There are different methods for different conditions and you may need to use all of them in the passage of one storm.
1. Heaving to is a viable scheme when the waves are not breaking, the boat is not in danger of being rolled, and you need to roughly maintain your position. Otherwise, a tactic for a moderate storm. You back the storm jib and put the helm hard over so the boat lies with the bow slightly to windward called fore reaching. Boat will sail, after a fashion, into the storm, motion of the boat will be more bearable, and you won't have anything to do so can stay below and rest. Some boats, especially fin keel types, will not reach a state of equilibrium so can't be hove to.
2. A sea anchor stops the boat dead in the water with minimal drift and is deployed off the bow. Will work if conditions aren't too bad but if waves develop very steep faces and/or are breaking, boat can be thrown backward putting extreme pressures on the rudder and probably disabling it.

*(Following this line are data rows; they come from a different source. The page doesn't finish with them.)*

lemma gamma_bound_at_max:
  assumes "\<tau> \<in> {0..T}" and max: "\<And>t. t \<in> {0..T} \<Longrightarrow> u t \<le> u \<tau>"
  shows "\<gamma> * u \<tau> \<le> u \<eta> \<and> \<gamma> * u \<tau> \<le> u T"
proof -
  have T_pos: "0 < T" using eta_pos eta_less by simp
  have u\<tau>: "0 \<le> u \<tau>" using nonneg assms(1) by blast
  show ?thesis
  proof (cases "\<eta> \<le> \<tau>")
    case True
    then have "\<eta> / T * u \<tau> \<le> u \<eta>" "\<alpha> * (\<beta> + 1) * \<eta>^2 / (2 * T) * u \<tau> \<le> u T"
      using bounds_beyond_eta[of \<tau>] assms(1) T_pos by (simp_all add: field_simps)
    moreover have "\<gamma> * u \<tau> \<le> \<eta> / T * u \<tau>"
      using gamma_const_le(1) u\<tau> by (rule mult_right_mono)
    moreover have "\<gamma> * u \<tau> \<le> \<alpha> * (\<beta> + 1) * \<eta>^2 / (2 * T) * u \<tau>"
      using gamma_const_le(2) u\<tau> by (rule mult_right_mono)
    ultimately show ?thesis by linarith
  next
    case False
    then have "\<alpha> * (\<beta> + 1) * \<eta> * (T - \<eta>) / (2 * T - \<alpha> * (\<beta> + 1) * \<eta>^2) * u \<tau> \<le> u T"
      using bounds_if_max_before_eta(2)[of \<tau>] assms denominator_pos by (simp add: field_simps)
    moreover have "\<gamma> * u \<tau> \<le> \<alpha> * (\<beta> + 1) * \<eta> * (T - \<eta>) / (2 * T - \<alpha> * (\<beta> + 1) * \<eta>^2) * u \<tau>"
      using gamma_const_le(3) u\<tau> by (rule mult_right_mono)
    moreover have "u T \<le> u \<eta>" using bounds_if_max_before_eta(1)[of \<tau>] assms False by simp
    ultimately show ?thesis by linarith
  qed
qed

lemma gamma_bound_on_right:
  assumes "x \<in> {\<eta>..T}"
  shows "\<gamma> * sup_norm T u \<le> u x"
proof -
  obtain \<tau> where \<tau>: "\<tau> \<in> {0..T}" and max: "\<And>t. t \<in> {0..T} \<Longrightarrow> u t \<le> u \<tau>"
    using continuous_attains_sup[OF compact_Icc _ continuous] eta_pos eta_less by force
  have "sup_norm T u = u \<tau>"
    unfolding sup_norm_def by (rule cSup_eq_maximum) (use \<tau> max nonneg in auto)
  moreover have "min (u \<eta>) (u T) \<le> u x"
    using concave_on_Icc_min_le[OF concave_on_subset[OF concave] assms] eta_pos by simp
  moreover have "\<gamma> * u \<tau> \<le> min (u \<eta>) (u T)"
    using gamma_bound_at_max[of \<tau>] \<tau> max by simp
  ultimately show ?thesis by (metis order_trans)
qed

end

theorem lemma2p4:
  fixes T \<eta> \<alpha> \<beta> :: real and y u :: "real \<Rightarrow> real"
  assumes "T > 0" and "0 < \<eta>" and "\<eta> < T"
    and "0 < \<alpha>" and "\<alpha> < 2 * T / \<eta>^2"
    and "0 \<le> \<beta>"
    and "\<beta> < (2 * T - \<alpha> * \<eta>^2) / (\<alpha> * \<eta>^2 - 2 * \<eta> + 2 * T)"
    and "continuous_on {0..T} y" and "\<forall>t\<in>{0..T}. y t \<ge> 0"
    and "is_solution T \<eta> \<alpha> \<beta> y u"
  shows "0 < gamma_const T \<eta> \<alpha> \<beta> \<and> gamma_const T \<eta> \<alpha> \<beta> < 1 \<and>
         Inf (u ` {\<eta>..T}) \<ge> gamma_const T \<eta> \<alpha> \<beta> * sup_norm T u"
proof -
  interpret concave_bvp_solution T \<eta> \<alpha> \<beta> u
  proof
    show "concave_on {0..T} u"
      using is_solution_concave_on[OF assms(10,1)] assms(9) by simp
    show "continuous_on {0..T} u"
      using assms(10) by (simp add: is_solution_def C2_on_imp_continuous_on)
  qed (use assms in \<open>auto simp: is_solution_def\<close>)
  have "gamma_const T \<eta> \<alpha> \<beta> * sup_norm T u \<le> Inf (u ` {\<eta>..T})"
    by (rule cInf_greatest) (use gamma_bound_on_right assms(3) in auto)
  with gamma_const_pos gamma_const_less_one show ?thesis by simp
qed

end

3. Drogues deployed from the stern slow the boat down and give directional stability. They can be anything from long lengths of line in a 'U' streamed aft possibly with some old tires added to a commercial drogue of various designs. This system works through a large variety of conditions as the drogue keeps the boat heading down wave and slow enough that it won't bury the bow and broach or pitchpole at the bottom of a wave. It will normally get you through even extreme conditions as long as you have sea room. Problems are if the drogue slows you down too much and waves are too steep, you will be constantly pooped as the waves roll over you. Nice to have a couple of different sized drogues to deploy under different conditions to vary the boats speed to keep water out of the cockpit. You definitely want to be able to secure any way water can get below from the cockpit. No matter how careful you are, you will occasionally get pooped if conditions are bad enough. The main hatch is a big offender and should have barrel boats that can lock it in from sliding from the inside.

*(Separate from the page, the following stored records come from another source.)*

(* For any labeled test set $S_{\mathrm{test}} \subseteq \{\pm1\}^n\times\{\pm1\}$, depth $d \ge 0$, mapping $\mathcal{H}$ from restrictions to hypotheses, and restriction $\rho$, the procedure $\mathrm{FindTree}(S_{\mathrm{test}}, d, \mathcal{H}, \rho)$ returns a depth-$d$ tree $T$ satisfying \[ \mathrm{error}(T \circ_\rho \mathcal{H}, (S_{\mathrm{test}})_\rho) = \min_{T' \text{ a depth-}d\text{ decision tree}} \mathrm{error}(T' \circ_\rho \mathcal{H}, (S_{\mathrm{test}})_\rho), \] where the minimum ranges over depth-$d$ decision trees querying only coordinates $i$ with $\rho_i=\star$.
   Context: A restriction is $\rho\in\{\pm1,\star\}^n$; $x\in\rho$ means $x_i=\rho_i$ or $\rho_i=\star$ for all $i$; $\rho\cap(x_i=b)$ is $\rho$ with coordinate $i$ (previously $\star$) set to $b$; for two restrictions fixing disjoint coordinate sets, $\rho\cap\ell$ fixes both sets of coordinates. For a labeled set $S$, $S_\rho=\{(x,y)\in S:x\in\rho\}$, and $\mathrm{error}(h,S)$ is the fraction of $(x,y)\in S$ with $h(x)\ne y$. A depth-$d$ decision tree is a set of $2^d$ leaf restrictions defined recursively: depth $0$ is the single all-$\star$ restriction; depth $d\ge1$ has a root coordinate $i$ and two depth-$(d-1)$ subtrees not fixing $i$, whose leaves get coordinate $i$ set to $-1$ and $+1$ respectively. For a tree $T$ querying only coordinates free in $\rho$, $T\circ_\rho\mathcal{H}$ maps $x\in\rho$ to $\mathcal{H}(\rho\cap\ell)(x)$, where $\ell$ is the leaf of $T$ with $x\in\ell$. Procedure $\mathrm{FindTree}(S_{\mathrm{test}},d,\mathcal{H},\rho)$: if $d=0$ return the one-leaf tree; otherwise for each $i$ with $\rho_i=\star$, recursively compute $T_{+1}\leftarrow\mathrm{FindTree}(S_{\mathrm{test}},d-1,\mathcal{H},\rho\cap(x_i=1))$ and $T_{-1}\leftarrow\mathrm{FindTree}(S_{\mathrm{test}},d-1,\mathcal{H},\rho\cap(x_i=-1))$, let $T^{(i)}$ be the tree with root $x_i$ and subtrees $T_{-1}$, $T_{+1}$, and return the $T^{(i)}$ minimizing $\mathrm{error}(T^{(i)}\circ_\rho\mathcal{H},(S_{\mathrm{test}})_\rho)$. *)

theory Defs
  imports Complex_Main
begin

text \<open>Points of {+-1}^n are int lists of length n; restrictions are lists of
  int option of length n, None standing for the free symbol (star).\<close>

type_synonym point = "int list"
type_synonym restr = "int option list"
type_synonym hyp = "point \<Rightarrow> int"

definition pm1 :: "int \<Rightarrow> bool" where
  "pm1 b \<longleftrightarrow> b = 1 \<or> b = -1"

definition is_point :: "nat \<Rightarrow> point \<Rightarrow> bool" where
  "is_point n x \<longleftrightarrow> length x = n \<and> (\<forall>i<n. pm1 (x ! i))"

definition is_restr :: "nat \<Rightarrow> restr \<Rightarrow> bool" where
  "is_restr n \<rho> \<longleftrightarrow> length \<rho> = n \<and> (\<forall>i<n. \<rho> ! i = None \<or> (\<exists>b. pm1 b \<and> \<rho> ! i = Some b))"

definition in_restr :: "point \<Rightarrow> restr \<Rightarrow> bool" where
  "in_restr x \<rho> \<longleftrightarrow> length x = length \<rho> \<and>
     (\<forall>i<length \<rho>. \<rho> ! i = None \<or> \<rho> ! i = Some (x ! i))"

text \<open>Intersection of two restrictions fixing disjoint coordinate sets.\<close>
definition restr_inter :: "restr \<Rightarrow> restr \<Rightarrow> restr" where
  "restr_inter \<rho> l = map2 (\<lambda>a b. case a of None \<Rightarrow> b | Some v \<Rightarrow> Some v) \<rho> l"

definition restrict_set :: "(point \<times> int) set \<Rightarrow> restr \<Rightarrow> (point \<times> int) set" where
  "restrict_set S \<rho> = {p \<in> S. in_restr (fst p) \<rho>}"

definition error :: "hyp \<Rightarrow> (point \<times> int) set \<Rightarrow> real" where
  "error h S = real (card {p \<in> S. h (fst p) \<noteq> snd p}) / real (card S)"

text \<open>Tree with root x_i and subtrees T0 (for x_i = -1) and T1 (for x_i = +1),
  as a set of leaf restrictions.\<close>
definition node :: "nat \<Rightarrow> restr set \<Rightarrow> restr set \<Rightarrow> restr set" where
  "node i T0 T1 = (\<lambda>l. l[i := Some (-1)]) ` T0 \<union> (\<lambda>l. l[i := Some 1]) ` T1"

definition fixes_coord :: "restr set \<Rightarrow> nat \<Rightarrow> bool" where
  "fixes_coord T i \<longleftrightarrow> (\<exists>l\<in>T. l ! i \<noteq> None)"

inductive dtree :: "nat \<Rightarrow> nat \<Rightarrow> restr set \<Rightarrow> bool" for n where
  leaf: "dtree n 0 {replicate n None}"
| inner: "\<lbrakk> i < n; dtree n d T0; dtree n d T1; \<not> fixes_coord T0 i; \<not> fixes_coord T1 i \<rbrakk>
          \<Longrightarrow> dtree n (Suc d) (node i T0 T1)"

definition queries_only_free :: "restr set \<Rightarrow> restr \<Rightarrow> bool" where
  "queries_only_free T \<rho> \<longleftrightarrow> (\<forall>l\<in>T. \<forall>i<length \<rho>. l ! i \<noteq> None \<longrightarrow> \<rho> ! i = None)"

definition compose :: "restr set \<Rightarrow> restr \<Rightarrow> (restr \<Rightarrow> hyp) \<Rightarrow> hyp" where
  "compose T \<rho> H x = H (restr_inter \<rho> (SOME l. l \<in> T \<and> in_restr x l)) x"

text \<open>FindTree as a relation: findtree S d H \<rho> T means T is a possible return value of
  FindTree(S, d, H, \<rho>) (ties in the argmin may be broken arbitrarily).\<close>
inductive findtree :: "(point \<times> int) set \<Rightarrow> nat \<Rightarrow> (restr \<Rightarrow> hyp) \<Rightarrow> restr \<Rightarrow> restr set \<Rightarrow> bool"
  where
  zero: "findtree S 0 H \<rho> {replicate (length \<rho>) None}"
| suc: "\<lbrakk> \<forall>i<length \<rho>. \<rho> ! i = None \<longrightarrow>
            findtree S d H (\<rho>[i := Some 1]) (Tp i) \<and> findtree S d H (\<rho>[i := Some (-1)]) (Tm i);
          i0 < length \<rho>; \<rho> ! i0 = None;
          \<forall>i<length \<rho>. \<rho> ! i = None \<longrightarrow>
            error (compose (node i0 (Tm i0) (Tp i0)) \<rho> H) (restrict_set S \<rho>)
            \<le> error (compose (node i (Tm i) (Tp i)) \<rho> H) (restrict_set S \<rho>) \<rbrakk>
        \<Longrightarrow> findtree S (Suc d) H \<rho> (node i0 (Tm i0) (Tp i0))"

end

theory Submission
  imports Defs
begin

text \<open>A depth-(d+1) tree querying only coordinates free in \<rho> consists of a root x_i with
  \<rho>_i free and two depth-d subtrees querying only coordinates free in \<rho> \<inter> (x_i = -1) and
  \<rho> \<inter> (x_i = 1); on the examples lying in \<rho>, its number of mistakes is the sum of the
  mistakes of the two subtrees on the examples lying in these halves. Hence, by induction on d,
  for every root the recursive calls produce the best subtrees, and FindTree then picks the best
  root. Errors on (S_test)_\<rho> are compared through mistake counts, as they share the denominator.\<close>

lemma in_restr_list_update:
  assumes "a ! i = None" "i < length a"
  shows "in_restr x (a[i := Some v]) \<longleftrightarrow> in_restr x a \<and> x ! i = v"
  using assms unfolding in_restr_def by (auto simp: nth_list_update)

lemma restrict_set_list_update:
  assumes "\<rho> ! i = None" "i < length \<rho>"
  shows "restrict_set S (\<rho>[i := Some v]) = {p \<in> restrict_set S \<rho>. fst p ! i = v}"
  using in_restr_list_update[OF assms] by (auto simp: restrict_set_def)

lemma not_fixes_coord_nth: "\<not> fixes_coord T i \<Longrightarrow> l \<in> T \<Longrightarrow> l ! i = None"
  by (auto simp: fixes_coord_def)

lemma dtree_length: "dtree n d T \<Longrightarrow> l \<in> T \<Longrightarrow> length l = n"
  by (induction arbitrary: l rule: dtree.induct) (auto simp: node_def)

lemma dtree_nonempty: "dtree n d T \<Longrightarrow> T \<noteq> {}"
  by (induction rule: dtree.induct) (auto simp: node_def)

lemma leaves_containing_node:
  assumes "\<not> fixes_coord T0 i" "\<not> fixes_coord T1 i" "i < length x" "pm1 (x ! i)"
  shows "{l \<in> node i T0 T1. in_restr x l} =
    (\<lambda>l. l[i := Some (x ! i)]) ` {l \<in> (if x ! i = 1 then T1 else T0). in_restr x l}"
proof -
  have "in_restr x (l[i := Some v]) \<longleftrightarrow> in_restr x l \<and> x ! i = v" if "l \<in> T0 \<union> T1" for l v
  proof (cases "length l = length x")
    case True
    then show ?thesis
      using in_restr_list_update not_fixes_coord_nth assms(1-3) that by (metis Un_iff)
  qed (auto simp: in_restr_def)
  then show ?thesis
    using assms(4) unfolding node_def pm1_def by auto
qed

lemma dtree_unique_leaf:
  "dtree n d T \<Longrightarrow> is_point n x \<Longrightarrow> \<exists>l. {l' \<in> T. in_restr x l'} = {l}"
proof (induction rule: dtree.induct)
  case leaf
  then show ?case by (auto simp: in_restr_def is_point_def)
next
  case (inner i d T0 T1)
  then have "i < length x" "pm1 (x ! i)" by (auto simp: is_point_def)
  with inner show ?case by (auto simp: leaves_containing_node)
qed

lemma restr_inter_list_update:
  assumes "\<rho> ! i = None" "l ! i = None" "length l = length \<rho>"
  shows "restr_inter \<rho> (l[i := Some v]) = restr_inter (\<rho>[i := Some v]) l"
proof (rule nth_equalityI)
  fix j assume "j < length (restr_inter \<rho> (l[i := Some v]))"
  then show "restr_inter \<rho> (l[i := Some v]) ! j = restr_inter (\<rho>[i := Some v]) l ! j"
    using assms unfolding restr_inter_def by (cases "j = i") (auto split: option.split)
qed (use assms in \<open>simp add: restr_inter_def\<close>)

lemma compose_eq_unique_leaf:
  "{l' \<in> T. in_restr x l'} = {l} \<Longrightarrow> compose T \<rho> H x = H (restr_inter \<rho> l) x"
  unfolding compose_def by (metis (mono_tags, lifting) mem_Collect_eq singletonD singletonI someI_ex)

lemma compose_node:
  assumes "dtree n d T0" "dtree n d T1" "\<not> fixes_coord T0 i" "\<not> fixes_coord T1 i"
    "i < n" "length \<rho> = n" "\<rho> ! i = None" "is_point n x"
  shows "compose (node i T0 T1) \<rho> H x =
    compose (if x ! i = 1 then T1 else T0) (\<rho>[i := Some (x ! i)]) H x"
proof -
  let ?T = "if x ! i = 1 then T1 else T0"
  have "dtree n d ?T"
    using assms(1,2) by simp
  then obtain l where l: "{l' \<in> ?T. in_restr x l'} = {l}"
    using dtree_unique_leaf assms(8) by blast
  have "i < length x" "pm1 (x ! i)"
    using assms by (auto simp: is_point_def)
  with l have "{l' \<in> node i T0 T1. in_restr x l'} = {l[i := Some (x ! i)]}"
    using leaves_containing_node assms(3,4) by simp
  moreover have "l \<in> T0 \<union> T1"
    using l by (auto split: if_splits)
  then have "l ! i = None" "length l = length \<rho>"
    using assms not_fixes_coord_nth dtree_length by blast+
  ultimately show ?thesis
    using l assms(7) by (simp add: compose_eq_unique_leaf restr_inter_list_update)
qed

lemma queries_only_free_Un:
  "queries_only_free (A \<union> B) \<rho> \<longleftrightarrow> queries_only_free A \<rho> \<and> queries_only_free B \<rho>"
  unfolding queries_only_free_def by blast

lemma queries_only_free_image_list_update:
  assumes "\<not> fixes_coord T i" "\<rho> ! i = None"
  shows "queries_only_free ((\<lambda>l. l[i := Some v]) ` T) \<rho> \<longleftrightarrow> queries_only_free T (\<rho>[i := Some v])"
proof -
  have "(\<forall>j<length \<rho>. l[i := Some v] ! j \<noteq> None \<longrightarrow> \<rho> ! j = None) \<longleftrightarrow>
      (\<forall>j<length \<rho>. l ! j \<noteq> None \<longrightarrow> \<rho>[i := Some v] ! j = None)" if "l \<in> T" for l
    using not_fixes_coord_nth[OF assms(1) that] assms(2) by (metis nth_list_update_neq)
  then show ?thesis
    unfolding queries_only_free_def by auto
qed

lemma queries_only_free_node_iff:
  assumes "\<not> fixes_coord T0 i" "\<not> fixes_coord T1 i" "\<rho> ! i = None"
  shows "queries_only_free (node i T0 T1) \<rho> \<longleftrightarrow>
    queries_only_free T0 (\<rho>[i := Some (-1)]) \<and> queries_only_free T1 (\<rho>[i := Some 1])"
  using assms by (simp add: node_def queries_only_free_Un queries_only_free_image_list_update)

lemma not_fixes_coord_if_queries_only_free:
  assumes "queries_only_free T (\<rho>[i := Some v])" "i < length \<rho>"
  shows "\<not> fixes_coord T i"
  using assms unfolding queries_only_free_def fixes_coord_def by fastforce

lemma dtree_Suc_queries_only_freeE:
  assumes "dtree n (Suc d) T" "queries_only_free T \<rho>" "length \<rho> = n"
  obtains i T0 T1 where "T = node i T0 T1" "i < n" "\<rho> ! i = None"
    "dtree n d T0" "dtree n d T1" "\<not> fixes_coord T0 i" "\<not> fixes_coord T1 i"
    "queries_only_free T0 (\<rho>[i := Some (-1)])" "queries_only_free T1 (\<rho>[i := Some 1])"
proof -
  obtain i T0 T1 where T: "T = node i T0 T1" "i < n" "dtree n d T0" "dtree n d T1"
    "\<not> fixes_coord T0 i" "\<not> fixes_coord T1 i"
    using assms(1) by (cases rule: dtree.cases) auto
  obtain l where l: "l \<in> T0"
    using dtree_nonempty[OF T(3)] by blast
  then have "l[i := Some (-1)] \<in> T" "i < length l"
    using T dtree_length by (auto simp: node_def)
  then have "\<rho> ! i = None"
    using assms(2,3) T(2) unfolding queries_only_free_def by fastforce
  with T assms(2) show thesis
    using that queries_only_free_node_iff by blast
qed

lemma is_restr_list_update:
  assumes "is_restr n \<rho>" "pm1 v"
  shows "is_restr n (\<rho>[i := Some v])"
proof -
  have "\<rho>[i := Some v] ! j = None \<or> (\<exists>b. pm1 b \<and> \<rho>[i := Some v] ! j = Some b)" if "j < n" for j
    using assms that unfolding is_restr_def by (cases "j = i") auto
  then show ?thesis
    using assms(1) unfolding is_restr_def by simp
qed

4 The last method is to surf the waves. Moitessier did this in a truly horrific storm in the southern ocean and racers have also done it in their 'win at any risk mentality'. It's indicated if the drogue is either slowing you down too much so you are playing submarine, constantly being inundated from the oncoming waves, or the drogue isn't slowing you enough and there is the danger of broaching/pitchpoling. This requires a very good helmsman and a boat with very good rudder control. Essentially you steer the boat at an angle to the oncoming waves and surf down the face. It's dangerous as a miscalculation can leave you broadside to a breaking wave or bury the bow and pitchpole. Need to be able to sense the waves and be very alert. Usually not a big thing on a racing boat with large crew so the helmsman can be rotated out regularly. A truly herculean undertaking for a short handed/solo cruising boat, however. Read Moitessier's book, Cape Horn, the Logical Route. to get a feel for the conditions where this might be the only choice.

Kevin, don't hold out. What kind of boat is the O/P sailing.